Mary Margaret had a lifetime supply of Christmas cards she’d bought at a going-out-of-business sale. She kindly offered me some to send to my “Christian friends.” I found one with a red-nosed reindeer on it and sent it to Jack’s APO box.
But I didn’t hear a word back.
During the second semester, as graduation loomed, I had to face the awful prospect of living in the real world. I felt like a stupid child compared to Lois, who not only had been planning her July wedding for a year, but already had a job lined up at a dentist’s office so she could support Leonard while he went to med school at NYU.

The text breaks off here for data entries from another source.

lemma span_columns_subset_range:
  fixes A :: "real^'n^'d"
  shows "span ((\<lambda>i. column i A) ` S) \<subseteq> (\<lambda>u. A *v u) ` {u. supp u \<subseteq> S}"
proof (rule span_minimal)
  show "(\<lambda>i. column i A) ` S \<subseteq> (\<lambda>u. A *v u) ` {u. supp u \<subseteq> S}"
  proof
    fix v assume "v \<in> (\<lambda>i. column i A) ` S"
    then obtain i where "i \<in> S" "v = A *v axis i 1"
      by (auto simp: matrix_vector_mult_basis)
    moreover have "supp (axis i (1::real)) \<subseteq> S"
      using \<open>i \<in> S\<close> by (auto simp: supp_def axis_def)
    ultimately show "v \<in> (\<lambda>u. A *v u) ` {u. supp u \<subseteq> S}" by blast
  qed
  have "subspace {u :: real^'n. supp u \<subseteq> S}"
    by (auto simp: subspace_def supp_subset_iff)
  then show "subspace ((\<lambda>u. A *v u) ` {u. supp u \<subseteq> S})"
    by (rule linear_subspace_image[OF matrix_vector_mul_linear])
qed

lemma normal_equations_solvable:
  fixes A :: "real^'n^'d"
  obtains z where "supp z \<subseteq> S" and "\<forall>i\<in>S. column i A \<bullet> (b - A *v z) = 0"
proof -
  let ?V = "(\<lambda>i. column i A) ` S"
  obtain p q where p: "p \<in> span ?V" and q: "\<And>w. w \<in> span ?V \<Longrightarrow> orthogonal q w"
    and b: "b = p + q"
    using orthogonal_subspace_decomp_exists[of ?V b] by blast
  obtain z where z: "supp z \<subseteq> S" "A *v z = p"
    using p span_columns_subset_range by blast
  have "column i A \<bullet> (b - A *v z) = 0" if "i \<in> S" for i
    using q[of "column i A"] that z(2) b by (simp add: span_base orthogonal_def inner_commute)
  with z(1) show ?thesis using that by blast
qed

lemma ls_set_iff_normal_equations:
  "z \<in> ls_set A S b \<longleftrightarrow> supp z \<subseteq> S \<and> (\<forall>i\<in>S. column i A \<bullet> (b - A *v z) = 0)"
proof
  assume z: "z \<in> ls_set A S b"
  obtain z' where z': "supp z' \<subseteq> S" "\<forall>i\<in>S. column i A \<bullet> (b - A *v z') = 0"
    by (rule normal_equations_solvable)
  have supp_z: "supp z \<subseteq> S"
    using z by (auto simp: ls_set_def supp_def)
  have "norm (b - A *v z) \<le> norm (b - A *v z')"
    using z z'(1) by (auto simp: ls_set_def supp_def)
  then have "(norm (b - A *v z))\<^sup>2 \<le> (norm (b - A *v z'))\<^sup>2"
    by (simp add: power_mono)
  moreover have "supp (z' - z) \<subseteq> S"
    using z'(1) supp_z by (rule supp_diff_subset)
  ultimately have "(norm (A *v (z' - z)))\<^sup>2 \<le> 0"
    using residual_Pythagorean[OF z'(2)] by simp
  then have "A *v (z' - z) = 0"
    by simp
  then have "b - A *v z = b - A *v z'"
    by (simp add: matrix_vector_mult_diff_distrib)
  with supp_z z'(2) show "supp z \<subseteq> S \<and> (\<forall>i\<in>S. column i A \<bullet> (b - A *v z) = 0)"
    by simp
next
  assume z: "supp z \<subseteq> S \<and> (\<forall>i\<in>S. column i A \<bullet> (b - A *v z) = 0)"
  have "norm (b - A *v z) \<le> norm (b - A *v w)" if "supp w \<subseteq> S" for w
  proof -
    have "supp (z - w) \<subseteq> S"
      using z that by (simp add: supp_diff_subset)
    then have "(norm (b - A *v z))\<^sup>2 \<le> (norm (b - A *v w))\<^sup>2"
      using residual_Pythagorean[of S A b z w] z by simp
    then show ?thesis
      by (rule power2_le_imp_le) simp
  qed
  with z show "z \<in> ls_set A S b"
    by (auto simp: ls_set_def supp_def)
qed

lemma ls_set_unique:
  assumes "full_col_rank A S" and "z \<in> ls_set A S b" and "w \<in> ls_set A S b"
  shows "z = w"
proof -
  have supp: "supp (z - w) \<subseteq> S"
    using assms(2,3) by (simp add: ls_set_iff_normal_equations supp_diff_subset)
  have "A *v (z - w) = (b - A *v w) - (b - A *v z)"
    by (simp add: matrix_vector_mult_diff_distrib)
  then have "\<forall>i\<in>S. column i A \<bullet> (A *v (z - w)) = 0"
    using assms(2,3) by (simp add: ls_set_iff_normal_equations inner_diff_right)
  then have "A *v (z - w) = 0"
    by (rule matrix_vector_mult_eq_0_if_orthogonal_columns[OF supp])
  then show ?thesis
    using full_col_rank_matrix_vector_mult_eq_0[OF assms(1) supp] by simp
qed

lemma pinv_apply_normal_equations:
  assumes "full_col_rank A S"
  shows "supp (pinv_apply A S b) \<subseteq> S"
    and "\<forall>i\<in>S. column i A \<bullet> (b - A *v pinv_apply A S b) = 0"
proof -
  obtain z where "supp z \<subseteq> S" and "\<forall>i\<in>S. column i A \<bullet> (b - A *v z) = 0"
    by (rule normal_equations_solvable)
  then have z: "z \<in> ls_set A S b"
    by (simp add: ls_set_iff_normal_equations)
  have "pinv_apply A S b = z"
    unfolding pinv_apply_def
    by (rule the_equality) (use z ls_set_unique[OF assms] in auto)
  with z show "supp (pinv_apply A S b) \<subseteq> S"
    and "\<forall>i\<in>S. column i A \<bullet> (b - A *v pinv_apply A S b) = 0"
    by (simp_all add: ls_set_iff_normal_equations)
qed

lemma greedy_correlation_nonzero:
  assumes "supp u \<subseteq> S" and "A *v u \<noteq> 0"
    and "\<forall>i. \<bar>column i A \<bullet> (A *v u)\<bar> \<le> \<bar>column j A \<bullet> (A *v u)\<bar>"
  shows "column j A \<bullet> (A *v u) \<noteq> 0"
  using assms matrix_vector_mult_eq_0_if_orthogonal_columns[OF assms(1)] by force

Wogs invited me to join the commune with her and Judy, but when I contemplated a future of milking goats, cleaning latrines, and listening to consciousness- raising speeches, graduate school started to look pretty good. Maybe I could teach. Although it was past the deadline, my dad managed to pull some strings so I’d be able take a few graduate courses at Harvard in the fall. He even said he’d try to get me a job shelving books at Weidner library for the summer. It was kind of amazing for him to be parenting me for a change. I started to feel OK about the future.
Until that night in April when I came back from the library and found the freshmen playing Sergeant Major with a strange man. It only took a moment for me to recognize that lazy Cary Grant voice—and that suit.
My whole body went cold.
Alistair Milbourne was back at Bryn Mawr. And back in my life.